Transparent TypeScript wrapper that intercepts LLM API calls and tracks cost in real-time by session, user, model and feature — without changing anything in your existing code.

Supports OpenAI, Anthropic, Google Gemini and DeepSeek.

Installation

npm install @diogonzafe/tokenwatch

Peer dependencies (install only what you use):

npm install openai                  # OpenAI / DeepSeek
npm install @anthropic-ai/sdk       # Anthropic
npm install @google/generative-ai   # Gemini
npm install better-sqlite3          # optional — only for storage: 'sqlite'

# Database adapters (optional — only if using @diogonzafe/tokenwatch/adapters)
npm install pg          # PostgreSQL
npm install mysql2      # MySQL / MariaDB
npm install mongodb     # MongoDB

Setup

import { createTracker } from '@diogonzafe/tokenwatch'

const tracker = createTracker({
  // All fields are optional
  storage: 'memory',           // 'memory' (default) | 'sqlite' | IStorage instance
  alertThreshold: 1.00,        // USD — fires webhookUrl when total cost exceeded
  webhookUrl: 'https://...',   // Discord / Slack webhook
  syncPrices: true,            // fetch fresh prices from GitHub (default: true)
  warnIfStaleAfterHours: 72,   // warn if prices are older than N hours (0 = disable)
  customPrices: {
    'my-model': { input: 0.50, output: 1.50, maxInputTokens: 32000 }  // USD per 1M tokens
  },
  budgets: {
    perUser:    { threshold: 1.00, webhookUrl: 'https://...' },  // per-user alert
    perSession: { threshold: 0.10, webhookUrl: 'https://...' },  // per-session alert
  },
  suggestions: true,            // log hints for cheaper models in same family (>50% savings)
})

Lazy Initialization

For module-level singletons where the tracker needs to be imported before createTracker() can run (e.g. shared modules, Jest test environments):

import { createLazyTracker } from '@diogonzafe/tokenwatch'

// Safe to import anywhere — all methods are no-ops until init() is called
export const tracker = createLazyTracker()

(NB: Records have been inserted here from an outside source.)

(* Let $\kappa=4$. For each of the rooted trees $((a,b),c)$, $((a,c),b)$, $((b,c),a)$, consider the polynomials of the corresponding form: for $((a,b),c)$ (indices ordered $a,b,c$) these are the entries of $$P_{+\cdot\cdot}\operatorname{Cof}(P_{\cdot+\cdot})^TP_{\cdot\cdot k}-P_{\cdot\cdot k}^T\operatorname{Cof}(P_{\cdot+\cdot})P_{+\cdot\cdot}^T,\qquad P_{\cdot\cdot k}\operatorname{Cof}(P_{+\cdot\cdot})P_{\cdot+\cdot}^T-P_{\cdot+\cdot}\operatorname{Cof}(P_{+\cdot\cdot})^TP_{\cdot\cdot k}^T,\quad k\in[4],$$ and for the other two trees the analogous polynomials obtained by permuting the roles of the taxa so that the cherry taxa play the roles of $a,b$ and the remaining taxon the role of $c$. Then all of these polynomials, for all three trees, vanish on every probability tensor $P$ arising from the CK Jukes–Cantor model on any of the three rooted trees with any edge lengths.
   Context: For a 3-way tensor $P=(p_{ijk})$ with indices ordered $a,b,c$: $P_{+\cdot\cdot}$ has $(j,k)$-entry $\sum_ip_{ijk}$; $P_{\cdot+\cdot}$ has $(i,k)$-entry $\sum_jp_{ijk}$; $P_{\cdot\cdot k}$ has $(i,j)$-entry $p_{ijk}$; $^T$ is transpose; $\operatorname{Cof}(A)$ is the matrix of cofactors of $A$. CK Jukes–Cantor model on a rooted species tree with edge lengths (not necessarily ultrametric): with constant population size, a gene tree with one lineage per taxon is drawn under the multispecies coalescent, and a site evolves on it under the 4-state Jukes–Cantor process (equal off-diagonal rates, uniform stationary distribution) from the uniform root distribution, with a fixed scalar mutation rate; the site pattern distribution is the mixture over gene trees. *)

theory Defs
  imports "HOL-Analysis.Analysis" "HOL-Library.Numeral_Type"
begin

text \<open>Matrix of cofactors: the (i,j) entry is the (i,j) cofactor of A, i.e. the
  determinant of A with row i replaced by the j-th unit row vector
  (Laplace expansion along row i shows this equals (-1)^(i+j) times the (i,j) minor).\<close>
definition cofactor_matrix :: "real^'n^'n \<Rightarrow> real^'n^'n" where
  "cofactor_matrix A = (\<chi> i j. det (\<chi> k l. if k = i then (if l = j then 1 else 0) else A $ k $ l))"

text \<open>3-way tensors over the 4 DNA states, indices ordered (a,b,c).\<close>
type_synonym tensor3 = "4 \<Rightarrow> 4 \<Rightarrow> 4 \<Rightarrow> real"

definition marg1 :: "tensor3 \<Rightarrow> real^4^4" where
  "marg1 P = (\<chi> j k. \<Sum>i\<in>UNIV. P i j k)"

definition marg2 :: "tensor3 \<Rightarrow> real^4^4" where
  "marg2 P = (\<chi> i k. \<Sum>j\<in>UNIV. P i j k)"

definition slice3 :: "tensor3 \<Rightarrow> 4 \<Rightarrow> real^4^4" where
  "slice3 P k = (\<chi> i j. P i j k)"

definition polyA :: "tensor3 \<Rightarrow> 4 \<Rightarrow> real^4^4" where
  "polyA P k = marg1 P ** transpose (cofactor_matrix (marg2 P)) ** slice3 P k
             - transpose (slice3 P k) ** cofactor_matrix (marg2 P) ** transpose (marg1 P)"

definition polyB :: "tensor3 \<Rightarrow> 4 \<Rightarrow> real^4^4" where
  "polyB P k = slice3 P k ** cofactor_matrix (marg1 P) ** transpose (marg2 P)
             - marg2 P ** transpose (cofactor_matrix (marg1 P)) ** transpose (slice3 P k)"

datatype rtree3 = AB_C | AC_B | BC_A

text \<open>Reindex a tensor (indices a,b,c) so that the cherry taxa of the tree come first
  and the remaining taxon last.\<close>
fun relabel :: "rtree3 \<Rightarrow> tensor3 \<Rightarrow> tensor3" where
  "relabel AB_C P = P"
| "relabel AC_B P = (\<lambda>x y z. P x z y)"
| "relabel BC_A P = (\<lambda>x y z. P z x y)"

text \<open>Jukes-Cantor transition probabilities: rate matrix with all off-diagonal rates
  equal to the mutation rate mu, time t; entries of exp(t Q).\<close>
definition jc :: "real \<Rightarrow> real \<Rightarrow> 4 \<Rightarrow> 4 \<Rightarrow> real" where
  "jc mu t r s = (if r = s then 1/4 + 3/4 * exp (-4 * mu * t) else 1/4 - 1/4 * exp (-4 * mu * t))"

text \<open>Site pattern distribution for a rooted gene tree ((X,Y),Z) with branch lengths
  lx, ly (pendant to X, Y), li (internal), lz (root to Z), uniform root distribution;
  the arguments x y z are the states at X, Y, Z.\<close>
definition gtree :: "real \<Rightarrow> real \<Rightarrow> real \<Rightarrow> real \<Rightarrow> real \<Rightarrow> 4 \<Rightarrow> 4 \<Rightarrow> 4 \<Rightarrow> real" where
  "gtree mu lx ly li lz x y z =
     (\<Sum>r\<in>UNIV. \<Sum>s\<in>UNIV. (1/4) * jc mu lz r z * jc mu li r s * jc mu lx s x * jc mu ly s y)"

text \<open>CK distribution on the species tree ((X,Y),Z): pendant edge lengths tx, ty (to the
  cherry node), tz (from the root to Z), internal edge length l (coalescent units, constant
  population size). Mixture over gene trees under the multispecies coalescent:
  either X,Y coalesce in the internal edge at time u (density e^-u on [0,l]) and then with Z
  in the root population at time w (density e^-w), or no coalescence in the internal edge
  (prob. e^-l), then the first coalescence in the root population at time w1 (density 3 e^-3w1)
  of a uniformly random pair, followed by the last one after time w2 (density e^-w2).\<close>
definition ck :: "real \<Rightarrow> real \<Rightarrow> real \<Rightarrow> real \<Rightarrow> real \<Rightarrow> tensor3" where
  "ck mu tx ty tz l x y z =
     (LBINT u:{0..l}. exp (- u) *
        (LBINT w:{0..}. exp (- w) * gtree mu (tx + u) (ty + u) (l - u + w) (tz + w) x y z))
   + exp (- l) *
     (LBINT w1:{0..}. 3 * exp (- 3 * w1) *
        (LBINT w2:{0..}. exp (- w2) * (1/3) *
           (  gtree mu (tx + l + w1) (ty + l + w1) w2 (tz + w1 + w2) x y z
            + gtree mu (tx + l + w1) (tz + w1) w2 (ty + l + w1 + w2) x z y
            + gtree mu (ty + l + w1) (tz + w1) w2 (tx + l + w1 + w2) y z x)))"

// At app startup (e.g. index.ts / server.ts):
tracker.init({ storage: 'sqlite', syncPrices: true })

// In tests — never call init(), track() silently no-ops:
tracker.track({ model: 'gpt-4o', inputTokens: 100, outputTokens: 50 }) // does nothing

init() may only be called once — a second call throws. A failed init() (e.g. invalid config) leaves the tracker in no-op mode. LazyTracker satisfies the Tracker interface, so it can be used anywhere a Tracker is expected.


OpenAI

import OpenAI from 'openai'
import { wrapOpenAI } from '@diogonzafe/tokenwatch'

const openai = wrapOpenAI(new OpenAI(), tracker)

const res = await openai.chat.completions.create({
  model: 'gpt-4o',
  messages: [{ role: 'user', content: 'Hello' }],
  // Optional — removed before sending to the API
  __sessionId: 'session_abc',
  __userId: 'user_123',
  __feature: 'chat',       // tag calls by product feature → report.byFeature
})
// res is identical to the original OpenAI response — zero difference

Streaming is supported:

const stream = await openai.chat.completions.create({
  model: 'gpt-4o',
  messages: [...],
  stream: true,
  stream_options: { include_usage: true },  // required for usage in stream
})

for await (const chunk of stream) {
  process.stdout.write(chunk.choices[0]?.delta?.content ?? '')
}
// Cost tracked automatically from the final chunk

Embeddings are also tracked automatically:

const embedding = await openai.embeddings.create({
  model: 'text-embedding-3-small',
  input: 'The food was delicious',
  __sessionId: 'session_abc',
  __feature: 'rag',   // optional
})
// inputTokens = usage.total_tokens, outputTokens = 0

Note: wrapOpenAI covers chat.completions and embeddings. Other endpoints (e.g. fine-tuning, images) are not intercepted — use tracker.track() manually if needed.


Anthropic

import Anthropic from '@anthropic-ai/sdk'
import { wrapAnthropic } from '@diogonzafe/tokenwatch'

const anthropic = wrapAnthropic(new Anthropic(), tracker)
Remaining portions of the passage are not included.